The Face of Adult Education

“Act as if what you say and what you do makes a difference, because it does.”

On April 3rd and 4th adult educators from all corners of Connecticut gathered in Mystic for the 2014 Connecticut Association of Adult and Continuing Education Conference.  (CAACE) In Connecticut approximately 11% of the population does not have high school equivalency. In addition, 7% of the population of our population is not proficient in English.  Adult Education programs address the educational needs of these learners, providing the expertise and support necessary to guide students toward their educational goals.

With the implementation of higher educational standards and Connecticut’s changing workforce needs, the importance of adult education as a bridge to success is becoming even more necessary. During the conference, conversations amongst educators centered around increasingly difficult educational standards, the revised and more challenging GED credential and the role of adult educators in transitioning students toward post-secondary education and workforce success.

The highlight and most compelling portion of the conference was the student award ceremony.  This year four students were acknowledged as a 2014 Student of the Year.  For each of them, success was only realized by overcoming great obstacles:  This is the Face of Adult Education.

Dane Scates from Stamford Adult Education “wowed” the audience with her strong rendition of the National Anthem.  Dane lost her mother as a teenager and battled debilitating asthma that eventually caused her to drop out of high school.  Years later, despite ongoing struggles Dane persevered and worked towards completing her High School Diploma.  Now looking forward, Dane states, “I want a career where I can make difference.  I have a mission and that is to create change for the better in our children’s lives, as they are our future.”

Luz Santana moved to Holyoke Massachusetts when she was just fourteen years old.  Language barriers made it difficult for her to be successful in school.  Years later she moved to Connecticut and while working full time began ESL classes in West Hartford.  She not only progressed in her ESL classes, but also completed her high school requirements through the National External Diploma Program.  The NEDP allows working adults to complete their high school requirements through the completion of a personal educational portfolio. This route to high school completion is challenging and ultimately proves mastery of high school concepts and knowledge. Her positive attitude not only led her to success but inspired others to do the same.

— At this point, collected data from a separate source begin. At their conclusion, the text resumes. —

lemma smooth_fun_diff:
  assumes "smooth_fun f" "smooth_fun g"
  shows "smooth_fun (\<lambda>x. f x - g x)"
proof -
  define X :: "('a \<Rightarrow> real) \<Rightarrow> bool"
    where "X h \<longleftrightarrow> (\<exists>f g. h = (\<lambda>x. f x - g x) \<and> smooth_fun f \<and> smooth_fun g)" for h
  have "X (\<lambda>x. f x - g x)"
    using assms by (auto simp: X_def)
  then show ?thesis
  proof (rule smooth_fun.coinduct[of X])
    fix h
    assume "X h"
    then obtain f g where h: "h = (\<lambda>x. f x - g x)" and f: "smooth_fun f" and g: "smooth_fun g"
      by (auto simp: X_def)
    have der: "(h has_derivative (\<lambda>v. Df f x v - Df g x v)) (at x)" for x
      unfolding h by (intro has_derivative_diff smooth_fun_has_derivative f g)
    have "X (\<lambda>x. Df h x v)" for v
    proof -
      have eq: "(\<lambda>x. Df h x v) = (\<lambda>x. Df f x v - Df g x v)"
        using der[THEN frechet_derivative_at] by metis
      show ?thesis
        unfolding X_def eq
        by (rule exI[of _ "\<lambda>x. Df f x v"], rule exI[of _ "\<lambda>x. Df g x v"])
          (simp add: smooth_fun_Df f g)
    qed
    then show "\<exists>f. h = f \<and> (\<forall>x. f differentiable at x) \<and>
        (\<forall>v. X (\<lambda>x. Df f x v) \<or> smooth_fun (\<lambda>x. Df f x v))"
      using der by (auto simp: differentiable_def)
  qed
qed

definition tsupport :: "('a::topological_space \<Rightarrow> real) \<Rightarrow> 'a set" where
  "tsupport f = closure {x. f x \<noteq> 0}"

lemma closed_tsupport: "closed (tsupport f)"
  by (simp add: tsupport_def)

lemma not_in_tsupport: "x \<notin> tsupport f \<Longrightarrow> f x = 0"
  using closure_subset[of "{x. f x \<noteq> 0}"] unfolding tsupport_def by blast

lemma Cc_inf_iff: "f \<in> Cc_inf \<longleftrightarrow> smooth_fun f \<and> compact (tsupport f)"
  by (simp add: Cc_inf_def tsupport_def)

lemma compact_subset_tsupport:
  fixes f g :: "'a::euclidean_space \<Rightarrow> real"
  assumes "compact K" "\<And>x. x \<notin> K \<Longrightarrow> f x = 0"
  shows "compact (tsupport f)"
proof -
  have "tsupport f \<subseteq> closure K"
    unfolding tsupport_def using assms(2) by (intro closure_mono) auto
  then have "bounded (tsupport f)"
    using assms(1) by (meson bounded_closure bounded_subset compact_imp_bounded)
  then show ?thesis
    using closed_tsupport by (simp add: compact_eq_bounded_closed)
qed

lemma Cc_inf_diff:
  assumes "f \<in> Cc_inf" "g \<in> Cc_inf"
  shows "(\<lambda>x. f x - g x) \<in> Cc_inf"
proof -
  have "compact (tsupport f \<union> tsupport g)"
    using assms by (simp add: Cc_inf_iff compact_Un)
  then have "compact (tsupport (\<lambda>x. f x - g x))"
    by (rule compact_subset_tsupport) (simp add: not_in_tsupport)
  then show ?thesis
    using assms by (simp add: Cc_inf_iff smooth_fun_diff)
qed

lemma Df_outside_tsupport:
  assumes "x \<notin> tsupport f"
  shows "Df f x = (\<lambda>_. 0)"
proof -
  have "((\<lambda>_. 0) has_derivative (\<lambda>_. 0)) (at x)"
    by simp
  then have "(f has_derivative (\<lambda>_. 0)) (at x)"
    by (rule has_derivative_transform_within_open[where s="- tsupport f"])
      (use assms closed_tsupport not_in_tsupport in auto)
  then show ?thesis
    by (rule frechet_derivative_at[symmetric])
qed

lemma continuous_compact_tsupport_bounded:
  fixes f :: "'a::euclidean_space \<Rightarrow> real"
  assumes "continuous_on UNIV f" "compact (tsupport f)"
  obtains B where "B \<ge> 0" "\<And>x. \<bar>f x\<bar> \<le> B"
proof -
  obtain B where B: "\<forall>x\<in>tsupport f. \<bar>f x\<bar> \<le> B"
    using compact_imp_bounded[OF compact_continuous_image[OF continuous_on_subset[OF assms(1)] assms(2)]]
    by (auto simp: bounded_iff)
  have "\<bar>f x\<bar> \<le> max B 0" for x
    using B not_in_tsupport[of x f] by (cases "x \<in> tsupport f") (auto simp: le_max_iff_disj)
  then show ?thesis
    by (intro that[of "max B 0"]) auto
qed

Aicha Kalapo has been attending Vernon Regional Adult Education.  Aicha was born in Sierra Leone and raised in Mali.  Her schooling ended at age ten so that she could help at home with her younger siblings.  At nineteen she arrived in the US with her young son. With the help of her sponsor family she began ESL classes.  Aicha worked two jobs and became proficient in English.  With persistence and determination she eventually earned her high school equivalency.  In the fall of 2014 she will be attending Manchester Community College with the hope of a bright future for herself and her son.

Jessica Ortiz attends East Hartford Adult and Continuing Education.  Jessica left high school at age 17 with just 6.5 credits left to complete.  After 15 years of raising children and working full time Jessica went back to school at East Hartford Adult Education. Her teachers describe her as always prepared and motivated.  Jessica not only works through her own learning challenges but is also an inspiration and cheerleader for others.  She is on track to graduate in June of this year!  But that is not the end.  She would like to continue her education so that one day she might become a social worker and continue to be a guiding light for others.

Each of these students represents hundreds more all over the state.  Many are also working one or two jobs, while going to school so that their American Dream can come true.  Many have faced overwhelming obstacles as children and adults. Behind each success is the persistence, dedication and support of adult educators!

As stated by Christine Bjork, one of the 2014 CAACE Adult Educators of the Year, “The one thing that all students are seeking is acceptance, respect and success.”  Congratulations to these students and all the adult educators who practice these words each day!